You don’t have to be a book enthusiast to be aware of the acronym ISBN, many people will have heard of it even if they have no knowledge of what it stands for. This year marks 50 years since the International Standard Book Number was rolled out worldwide. To celebrate we are taking a look at its history, which is far more interesting than a handful of numbers around a bar code have any right to be!
It was an unusual, and very British, affair beginning in the mid-sixties with a bookshop and a wartime code breaker. In 1965 the British bookseller and stationers W.H. Smith was constructing a giant warehouse and needed a system with which to catalogue the vast collection of books that existed, and more importantly for them was a way to efficiently do so with the use of computers. Previously there had been forms of cataloguing printed works but nothing particularly efficient. J. Whitaker and Sons, publisher of Whitaker’s Almanack, had been publishing British Books in Print since 1874 under the name of Reference Catalogue of Current Literature. These annual volumes were, exactly as the titles suggest, lists of publications which, although useful for reference, would not be particularly helpful to the more modern needs of the time. In stepped Frederic Gordon Foster, an Irish computer engineer and professor of statistics who had been recruited by MI6 during World War 2 to work on code breaking at the famous Bletchley Park. After the war, whilst lecturing at the University of Manchester, Foster met famous codebreaker Alan Turing who in turn asked Foster to aid his work on the Manchester Mark I computer. Foster used his knowledge and skills to create a 9 digit system known as Standard Book Numbering or SBN.
At first, there were some dissenting voices within the publishing world who were none too keen on change, however with a report written by Foster on the potential benefits of such a system the support soon outweighed the naysayers. The SBN system was rolled out in England during 1967 and by the end of 1967, all books printed in the UK had been numbered. In 1968 The International Organisation for Standardisation met in London to discuss adopting the British SBN for international use, the United States of America began to use the SBN the same year. This usage was approved and the IOS developed a 10 digit system based on Foster’s SBN, coming up with what we know as ISBN. This was implemented in 1970 and is now the global identifier for books used in over 150 countries.
The benefits of the ISBN are the unique codes given not only to each title but every edition and variant of each title excluding reprints.
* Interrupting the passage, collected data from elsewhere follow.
text \<open>Excess loss of a supported minimiser over any competitor Wst with entries in [-c, c]:
  only the (at most norm_inf0 Wst) columns outside I on which Wst is nonzero contribute to
  the tangent-plane bound, each by at most c times the largest gradient-column l1-norm M.\<close>
lemma supported_min_excess:
  fixes W Wst :: "real^'d::finite^'k::finite"
  assumes sW: "supported_on I W" and opt: "\<forall>V. supported_on I V \<longrightarrow> sb_L S W \<le> sb_L S V"
    and cb: "\<forall>j i. \<bar>Wst $ j $ i\<bar> \<le> c" and c0: "c \<ge> 0"
    and Mb: "\<forall>i. l1norm (column i (sb_grad S W)) \<le> M"
  shows "sb_L S W - sb_L S Wst \<le> c * real (norm_inf0 Wst) * M"
proof -
  define G where "G = sb_grad S W"
  define C where "C = {i. column i Wst \<noteq> 0}"
  have M0: "M \<ge> 0"
    using Mb order_trans[OF _ Mb[rule_format]] by (fastforce simp: l1norm_def sum_nonneg)
  have col: "- (if i \<in> C then c * M else 0) \<le> (\<Sum>j\<in>UNIV. (Wst - W) $ j $ i * G $ j $ i)" for i
  proof (cases "i \<in> I")
    case True
    then have "\<And>j. G $ j $ i = 0" unfolding G_def using supported_min_grad_zero[OF sW opt] by blast
    then show ?thesis using c0 M0 by simp
  next
    case False
    then have W0: "\<And>j. W $ j $ i = 0" using sW by (simp add: supported_on_def)
    have "- (c * M) \<le> - (c * l1norm (column i G))"
      using Mb c0 G_def by (simp add: mult_left_mono)
    also have "\<dots> \<le> (\<Sum>j\<in>UNIV. Wst $ j $ i * G $ j $ i)"
      using cb by (intro column_inner_lower) auto
    finally show ?thesis using W0 by (cases "i \<in> C") (auto simp: C_def column_zero_iff)
  qed
  have "- (real (card C) * (c * M)) = (\<Sum>i\<in>UNIV. - (if i \<in> C then c * M else 0))"
    by (simp add: sum_negf sum.If_cases)
  also have "\<dots> \<le> (\<Sum>i\<in>UNIV. \<Sum>j\<in>UNIV. (Wst - W) $ j $ i * G $ j $ i)"
    by (intro sum_mono col)
  also have "\<dots> = (Wst - W) \<bullet> G"
    unfolding inner_matrix by (rule sum.swap)
  also have "\<dots> \<le> sb_L S Wst - sb_L S W"
    using sb_L_lower[of S W "Wst - W"] by (simp add: G_def)
  finally show ?thesis
    unfolding norm_inf0_def infnorm_pos_lt C_def by (simp add: algebra_simps)
qed


section \<open>The greedy step\<close>

definition column_descent :: "real^'d^'k \<Rightarrow> 'd \<Rightarrow> real^'d^'k" where
  "column_descent G r = (\<chi> j. \<chi> i. if i = r then - (l1norm (column r G) * sgn (G $ j $ r)) else 0)"

lemma column_descent_inner:
  fixes G :: "real^'d::finite^'k::finite"
  shows "column_descent G r \<bullet> G = - (l1norm (column r G))\<^sup>2"
proof -
  have sgn_mult_self_eq_abs: "sgn g * g = \<bar>g\<bar>" for g :: real
    by (simp add: sgn_if)
  have "column_descent G r \<bullet> G = (\<Sum>j\<in>UNIV. - (l1norm (column r G) * sgn (G $ j $ r)) * G $ j $ r)"
    by (simp add: inner_matrix column_descent_def mult_delta_left)
  also have "\<dots> = - l1norm (column r G) * (\<Sum>j\<in>UNIV. \<bar>G $ j $ r\<bar>)"
    by (simp add: sum_distrib_left mult.assoc sum_negf sgn_mult_self_eq_abs)
  also have "\<dots> = - (l1norm (column r G))\<^sup>2" by (simp add: l1norm_column power2_eq_square)
  finally show ?thesis .
qed
(* Let $\mathcal{P}$ be a BMS channel and let $(C_i)_{i\ge1}$ be a sequence of binary codes with rates $(R_i)_{i\ge1}$ such that $\limsup_{i\to\infty}R_i<C(\mathcal{P})$ and such that a uniformly random codeword of $C_i$ has each coordinate marginally distributed as Bernoulli$(1/2)$. Let $P_e(C_i,\mathcal{P},j)$ be the probability that the maximum-likelihood decoder decodes coordinate $j$ of a uniformly random codeword of $C_i$ incorrectly given the channel outputs at all other coordinates, and assume $P_e(C_i,\mathcal{P},j)$ does not depend on $j$; denote it $P_e(C_i,\mathcal{P})$. Then there exists $c>0$ such that $P_e(C_i,\mathcal{P})<1/2-c$ for all sufficiently large $i$.
   Context: A binary code $C\subseteq\{0,1\}^n$ has rate $\log_2|C|/n$. A BMS channel is a conditional distribution $\mathcal{P}(y\mid x)$, $x\in\{0,1\}$, $y$ in a (finite or countable) output alphabet $\mathcal{Y}$, together with an involution $\sigma$ of $\mathcal{Y}$ with $\mathcal{P}(y\mid1)=\mathcal{P}(\sigma(y)\mid0)$; it acts independently on each coordinate. Its capacity is $C(\mathcal{P})=\frac12\sum_{x\in\{0,1\},y\in\mathcal{Y}}\mathcal{P}(y\mid x)\log_2\frac{\mathcal{P}(y\mid x)}{\mathcal{P}(y\mid0)/2+\mathcal{P}(y\mid1)/2}$. *)

theory Defs
  imports "HOL-Analysis.Analysis" "HOL-Library.Extended_Real"
begin

text \<open>Binary input symbols are booleans (False = 0, True = 1).
  A BMS channel: transition probabilities W x y on a countable output type,
  with an involution sigma such that W 1 y = W 0 (sigma y).\<close>

definition bms_channel :: "(bool \<Rightarrow> 'y::countable \<Rightarrow> real) \<Rightarrow> bool" where
  "bms_channel W \<longleftrightarrow>
     (\<forall>x y. 0 \<le> W x y) \<and> (\<forall>x. (W x has_sum 1) UNIV) \<and>
     (\<exists>\<sigma>::'y \<Rightarrow> 'y. (\<forall>y. \<sigma> (\<sigma> y) = y) \<and> (\<forall>y. W True y = W False (\<sigma> y)))"

definition capacity :: "(bool \<Rightarrow> 'y::countable \<Rightarrow> real) \<Rightarrow> real" where
  "capacity W = (1/2) * (\<Sum>\<^sub>\<infinity>y. (\<Sum>x\<in>UNIV.
      W x y * log 2 (W x y / (W False y / 2 + W True y / 2))))"

definition binary_code :: "nat \<Rightarrow> (nat \<Rightarrow> bool) set \<Rightarrow> bool" where
  "binary_code n C \<longleftrightarrow> C \<noteq> {} \<and> C \<subseteq> {x. \<forall>k\<ge>n. x k = False}"

definition code_rate :: "nat \<Rightarrow> (nat \<Rightarrow> bool) set \<Rightarrow> real" where
  "code_rate n C = log 2 (real (card C)) / real n"

definition ext_outputs :: "nat \<Rightarrow> nat \<Rightarrow> (nat \<Rightarrow> 'y) set" where
  "ext_outputs n j = {y. \<forall>k. (k \<ge> n \<or> k = j) \<longrightarrow> y k = undefined}"
(* Let $\Sigma$ be a signature, $X,Y$ sets, $H$ an interpretation of $\Sigma$ over $Y$, $f:X\to Y$, and $\varphi = f^\dagger_H:[\![\Sigma]\!]X\to Y$. Then for every well-typed template $\Gamma;Z\vdash T:\Sigma$ with $Z=(z_j:B_j\to * )_j$, every $\eta\in[\![\Gamma]\!]$ and every $\zeta=(\zeta_j)_j\in[\![Z]\!]([\![\Sigma]\!]X)$, $$\varphi\big([\![T]\!]_{F^X_\Sigma}(\eta;\zeta)\big) = [\![T]\!]_H\big(\eta;(\varphi\circ\zeta_j)_j\big).$$ Moreover, every function $\varphi:[\![\Sigma]\!]X\to Y$ satisfying this equation for all well-typed templates $T$ over $\Sigma$ (in all contexts $\Gamma$, $Z$) and all $\eta,\zeta$ is of the form $f^\dagger_H$ for some function $f:X\to Y$.
   Context: Setting: a calculus of algebraic effects. Value types $A,B ::= \mathtt{unit}\mid\mathtt{bool}\mid A\to\underline{C}\mid\underline{C}\Rightarrow\underline{D}$; computation types $A\,!\,\Sigma/\mathcal{E}$, where a signature $\Sigma$ is a finite set of typed operations $\mathit{op}:A_{\mathit{op}}\to B_{\mathit{op}}$ with distinct names. Values $v ::= x \mid () \mid \mathtt{true} \mid \mathtt{false} \mid \mathtt{fun}\ x \mapsto c \mid \mathtt{handler}\,(\ldots)$; value contexts $\Gamma=(x_i:A_i)_i$; well-typed values $\Gamma\vdash v:A$ have denotations $[\![v]\!]:[\![\Gamma]\!]\to[\![A]\!]$, where $[\![\varepsilon]\!]=\{\star\}$, $[\![\Gamma,x:A]\!]=[\![\Gamma]\!]\times[\![A]\!]$, $[\![\mathtt{unit}]\!]=\{\star\}$, $[\![\mathtt{bool}]\!]=\{\mathrm{ff},\mathrm{tt}\}$, $[\![\mathtt{true}]\!]\eta=\mathrm{tt}$, $[\![\mathtt{false}]\!]\eta=\mathrm{ff}$, variables denote projections, and function/handler types denote sets of functions. For a set $X$, $[\![\Sigma]\!]X$ is the inductively defined set with elements $\mathrm{in}_{\mathrm{return}}(a)$ for $a\in X$ and $\mathrm{in}_{\mathit{op}}(a;\kappa)$ for $(\mathit{op}:A_{\mathit{op}}\to B_{\mathit{op}})\in\Sigma$, $a\in[\![A_{\mathit{op}}]\!]$, $\kappa:[\![B_{\mathit{op}}]\!]\to[\![\Sigma]\!]X$. An interpretation $H$ of $\Sigma$ over a set $Y$ is a family of functions $H_{\mathit{op}}:[\![A_{\mathit{op}}]\!]\times([\![B_{\mathit{op}}]\!]\to Y)\to Y$, $\mathit{op}\in\Sigma$. The free interpretation $F^X_\Sigma$ over $[\![\Sigma]\!]X$ is $(F^X_\Sigma)_{\mathit{op}}(a,\kappa)=\mathrm{in}_{\mathit{op}}(a;\kappa)$. For $f:X\to Y$ the lift $f^\dagger_H:[\![\Sigma]\!]X\to Y$ is defined recursively by $f^\dagger_H(\mathrm{in}_{\mathrm{return}}(x))=f(x)$ and $f^\dagger_H(\mathrm{in}_{\mathit{op}}(x;\kappa))=H_{\mathit{op}}(x,f^\dagger_H\circ\kappa)$. Templates: $T ::= z(v)\mid\mathtt{if}\ v\ \mathtt{then}\ T_1\ \mathtt{else}\ T_2\mid\mathit{op}(v;y.T)$, typed in a value context $\Gamma$ and a template context $Z=(z_j:B_j\to * )_j$: $\Gamma;Z\vdash z(v):\Sigma$ if $(z:A\to * )\in Z$ and $\Gamma\vdash v:A$; $\Gamma;Z\vdash\mathtt{if}\ v\ \mathtt{then}\ T_1\ \mathtt{else}\ T_2:\Sigma$ if $\Gamma\vdash v:\mathtt{bool}$ and $\Gamma;Z\vdash T_i:\Sigma$; $\Gamma;Z\vdash\mathit{op}(v;y.T):\Sigma$ if $(\mathit{op}:A_{\mathit{op}}\to B_{\mathit{op}})\in\Sigma$, $\Gamma\vdash v:A_{\mathit{op}}$, $\Gamma,y:B_{\mathit{op}};Z\vdash T:\Sigma$. For a set $Y$, $[\![Z]\!]Y=\prod_j Y^{[\![B_j]\!]}$. For an interpretation $H$ of $\Sigma$ over $Y$, the template denotation $[\![T]\!]_H:[\![\Gamma]\!]\times[\![Z]\!]Y\to Y$ is defined by $[\![z_j(v)]\!]_H(\eta;\zeta)=\zeta_j([\![v]\!]\eta)$; $[\![\mathtt{if}\ v\ \mathtt{then}\ T_1\ \mathtt{else}\ T_2]\!]_H(\eta;\zeta)$ equals $[\![T_1]\!]_H(\eta;\zeta)$ if $[\![v]\!]\eta=\mathrm{tt}$ and $[\![T_2]\!]_H(\eta;\zeta)$ if $[\![v]\!]\eta=\mathrm{ff}$; $[\![\mathit{op}(v;y.T)]\!]_H(\eta;\zeta)=H_{\mathit{op}}([\![v]\!]\eta,\lambda b.[\![T]\!]_H((\eta,b);\zeta))$. *)

theory Defs
  imports "HOL-Library.FuncSet"
begin

type_synonym name = string

text \<open>Value types and computation types.  The effect-theory component E of a
computation type is left abstract (type parameter 'e); a signature inside a
computation type is a list of typed operations.\<close>
datatype 'e vty = TUnit | TBool | TFun "'e vty" "'e cty" | THandler "'e cty" "'e cty"
and 'e cty = CTy "'e vty" "(name \<times> 'e vty \<times> 'e vty) list" 'e

text \<open>Values: variables, unit, booleans, and further values ('w), standing for
fun- and handler-values, whose typing and denotation are given abstractly.\<close>
datatype 'w val = VVar name | VUnit | VTrue | VFalse | VExt 'w

text \<open>Value contexts: the most recently added variable is the head of the list,
i.e. (Gamma, x:A) is (x,A) # Gamma.\<close>
type_synonym 'e ctx = "(name \<times> 'e vty) list"

text \<open>Templates: z(v), if v then T1 else T2, op(v; y.T).\<close>
datatype 'w tmpl = TZ name "'w val" | TIf "'w val" "'w tmpl" "'w tmpl"
  | TOp name "'w val" name "'w tmpl"

text \<open>All value denotations live in one semantic universe 'v.  TA gives the
denotation [[A]] of each value type as a subset of it.\<close>
record ('e, 'w, 'v) vsem =
  TA :: "'e vty \<Rightarrow> 'v set"
  uv :: 'v
  tt :: 'v
  ff :: 'v
  etyp :: "'e ctx \<Rightarrow> 'w \<Rightarrow> 'e vty \<Rightarrow> bool"
  eden :: "'e ctx \<Rightarrow> 'w \<Rightarrow> 'v list \<Rightarrow> 'v"

definition env :: "('e, 'w, 'v) vsem \<Rightarrow> 'e ctx \<Rightarrow> 'v list set" where
  "env S \<Gamma> = {\<eta>. length \<eta> = length \<Gamma> \<and> (\<forall>i<length \<Gamma>. \<eta> ! i \<in> TA S (snd (\<Gamma> ! i)))}"

fun var_den :: "'e ctx \<Rightarrow> 'v list \<Rightarrow> name \<Rightarrow> 'v" where
  "var_den ((y, A) # \<Gamma>) (b # \<eta>) x = (if x = y then b else var_den \<Gamma> \<eta> x)"
| "var_den _ _ x = undefined"

fun vtyp :: "('e, 'w, 'v) vsem \<Rightarrow> 'e ctx \<Rightarrow> 'w val \<Rightarrow> 'e vty \<Rightarrow> bool" where
  "vtyp S \<Gamma> (VVar x) A = (map_of \<Gamma> x = Some A)"
| "vtyp S \<Gamma> VUnit A = (A = TUnit)"
| "vtyp S \<Gamma> VTrue A = (A = TBool)"
| "vtyp S \<Gamma> VFalse A = (A = TBool)"
| "vtyp S \<Gamma> (VExt w) A = etyp S \<Gamma> w A"

fun vden :: "('e, 'w, 'v) vsem \<Rightarrow> 'e ctx \<Rightarrow> 'w val \<Rightarrow> 'v list \<Rightarrow> 'v" where
  "vden S \<Gamma> (VVar x) \<eta> = var_den \<Gamma> \<eta> x"
| "vden S \<Gamma> VUnit \<eta> = uv S"
| "vden S \<Gamma> VTrue \<eta> = tt S"
| "vden S \<Gamma> VFalse \<eta> = ff S"
| "vden S \<Gamma> (VExt w) \<eta> = eden S \<Gamma> w \<eta>"

definition sem_ok :: "('e, 'w, 'v) vsem \<Rightarrow> bool" where
  "sem_ok S \<longleftrightarrow> TA S TUnit = {uv S} \<and> TA S TBool = {ff S, tt S} \<and> ff S \<noteq> tt S \<and>
     (\<forall>\<Gamma> w A \<eta>. etyp S \<Gamma> w A \<longrightarrow> \<eta> \<in> env S \<Gamma> \<longrightarrow> eden S \<Gamma> w \<eta> \<in> TA S A)"

type_synonym 'e sig = "(name \<times> 'e vty \<times> 'e vty) set"

definition wf_sig :: "'e sig \<Rightarrow> bool" where
  "wf_sig \<Sigma> \<longleftrightarrow> finite \<Sigma> \<and>
     (\<forall>o1 A1 B1 o2 A2 B2. (o1, A1, B1) \<in> \<Sigma> \<longrightarrow> (o2, A2, B2) \<in> \<Sigma> \<longrightarrow> o1 = o2 \<longrightarrow> A1 = A2 \<and> B1 = B2)"

definition opB :: "'e sig \<Rightarrow> name \<Rightarrow> 'e vty" where
  "opB \<Sigma> op = (THE B. \<exists>A. (op, A, B) \<in> \<Sigma>)"

text \<open>Trees: in_return(a) and in_op(a; kappa).\<close>
datatype ('v, 'x) tree = Ret 'x | Node name 'v "'v \<Rightarrow> ('v, 'x) tree"

text \<open>[[Sigma]]X; continuations are functions on [[B_op]] (extensional).\<close>
inductive_set free_set :: "('e, 'w, 'v) vsem \<Rightarrow> 'e sig \<Rightarrow> 'x set \<Rightarrow> ('v, 'x) tree set"
  for S \<Sigma> X where
  ret: "x \<in> X \<Longrightarrow> Ret x \<in> free_set S \<Sigma> X"
| node: "(op, A, B) \<in> \<Sigma> \<Longrightarrow> a \<in> TA S A \<Longrightarrow> \<kappa> \<in> extensional (TA S B) \<Longrightarrow>
         (\<forall>b\<in>TA S B. \<kappa> b \<in> free_set S \<Sigma> X) \<Longrightarrow> Node op a \<kappa> \<in> free_set S \<Sigma> X"

definition is_interp :: "('e, 'w, 'v) vsem \<Rightarrow> 'e sig \<Rightarrow> 'y set \<Rightarrow> (name \<Rightarrow> 'v \<Rightarrow> ('v \<Rightarrow> 'y) \<Rightarrow> 'y) \<Rightarrow> bool" where
  "is_interp S \<Sigma> Y H \<longleftrightarrow> (\<forall>op A B a k. (op, A, B) \<in> \<Sigma> \<longrightarrow> a \<in> TA S A \<longrightarrow> k \<in> TA S B \<rightarrow>\<^sub>E Y \<longrightarrow> H op a k \<in> Y)"

definition free_interp :: "name \<Rightarrow> 'v \<Rightarrow> ('v \<Rightarrow> ('v, 'x) tree) \<Rightarrow> ('v, 'x) tree" where
  "free_interp op a \<kappa> = Node op a \<kappa>"

primrec lift :: "('e, 'w, 'v) vsem \<Rightarrow> 'e sig \<Rightarrow> (name \<Rightarrow> 'v \<Rightarrow> ('v \<Rightarrow> 'y) \<Rightarrow> 'y) \<Rightarrow> ('x \<Rightarrow> 'y) \<Rightarrow> ('v, 'x) tree \<Rightarrow> 'y" where
  "lift S \<Sigma> H f (Ret x) = f x"
| "lift S \<Sigma> H f (Node op a \<kappa>) = H op a (restrict (\<lambda>b. lift S \<Sigma> H f (\<kappa> b)) (TA S (opB \<Sigma> op)))"

inductive ttyp :: "('e, 'w, 'v) vsem \<Rightarrow> 'e sig \<Rightarrow> 'e ctx \<Rightarrow> (name \<times> 'e vty) list \<Rightarrow> 'w tmpl \<Rightarrow> bool"
  for S \<Sigma> where
  tz: "map_of Z z = Some B \<Longrightarrow> vtyp S \<Gamma> v B \<Longrightarrow> ttyp S \<Sigma> \<Gamma> Z (TZ z v)"
| tif: "vtyp S \<Gamma> v TBool \<Longrightarrow> ttyp S \<Sigma> \<Gamma> Z T1 \<Longrightarrow> ttyp S \<Sigma> \<Gamma> Z T2 \<Longrightarrow> ttyp S \<Sigma> \<Gamma> Z (TIf v T1 T2)"
| top: "(op, A, B) \<in> \<Sigma> \<Longrightarrow> vtyp S \<Gamma> v A \<Longrightarrow> ttyp S \<Sigma> ((y, B) # \<Gamma>) Z T \<Longrightarrow>
        ttyp S \<Sigma> \<Gamma> Z (TOp op v y T)"

text \<open>[[Z]]Y: a tuple (list aligned with Z) of functions [[B_j]] -> Y.\<close>
definition zset :: "('e, 'w, 'v) vsem \<Rightarrow> (name \<times> 'e vty) list \<Rightarrow> 'y set \<Rightarrow> ('v \<Rightarrow> 'y) list set" where
  "zset S Z Y = {\<zeta>. length \<zeta> = length Z \<and> (\<forall>j<length Z. \<zeta> ! j \<in> TA S (snd (Z ! j)) \<rightarrow> Y)}"

fun zlook :: "(name \<times> 'e vty) list \<Rightarrow> ('v \<Rightarrow> 'y) list \<Rightarrow> name \<Rightarrow> ('v \<Rightarrow> 'y)" where
  "zlook ((z', B) # Z) (g # \<zeta>) z = (if z = z' then g else zlook Z \<zeta> z)"
| "zlook _ _ z = undefined"

fun tden :: "('e, 'w, 'v) vsem \<Rightarrow> 'e sig \<Rightarrow> (name \<Rightarrow> 'v \<Rightarrow> ('v \<Rightarrow> 'y) \<Rightarrow> 'y) \<Rightarrow>
    'e ctx \<Rightarrow> (name \<times> 'e vty) list \<Rightarrow> 'w tmpl \<Rightarrow> 'v list \<Rightarrow> ('v \<Rightarrow> 'y) list \<Rightarrow> 'y" where
  "tden S \<Sigma> H \<Gamma> Z (TZ z v) \<eta> \<zeta> = zlook Z \<zeta> z (vden S \<Gamma> v \<eta>)"
| "tden S \<Sigma> H \<Gamma> Z (TIf v T1 T2) \<eta> \<zeta> =
     (if vden S \<Gamma> v \<eta> = tt S then tden S \<Sigma> H \<Gamma> Z T1 \<eta> \<zeta> else tden S \<Sigma> H \<Gamma> Z T2 \<eta> \<zeta>)"
| "tden S \<Sigma> H \<Gamma> Z (TOp op v y T) \<eta> \<zeta> =
     H op (vden S \<Gamma> v \<eta>)
       (restrict (\<lambda>b. tden S \<Sigma> H ((y, opB \<Sigma> op) # \<Gamma>) Z T (b # \<eta>) \<zeta>) (TA S (opB \<Sigma> op)))"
This huge searchable list allows the coding, tracking and searching of each publication whether it be first editions, paperbacks, international edition and even ebooks. The industry embracing the system has also led to numerous other fringe benefits such as bestseller lists which helps not only the industry but also the consumer. In 2007 the ISBN once again upgraded to a 13 digit numerical system (after running out of 10 digit combinations) to continue the exhaustive cataloguing of the ever-expanding publishing world and all thanks to a stationers’ need for modernisation with a little help from an Irish statistician.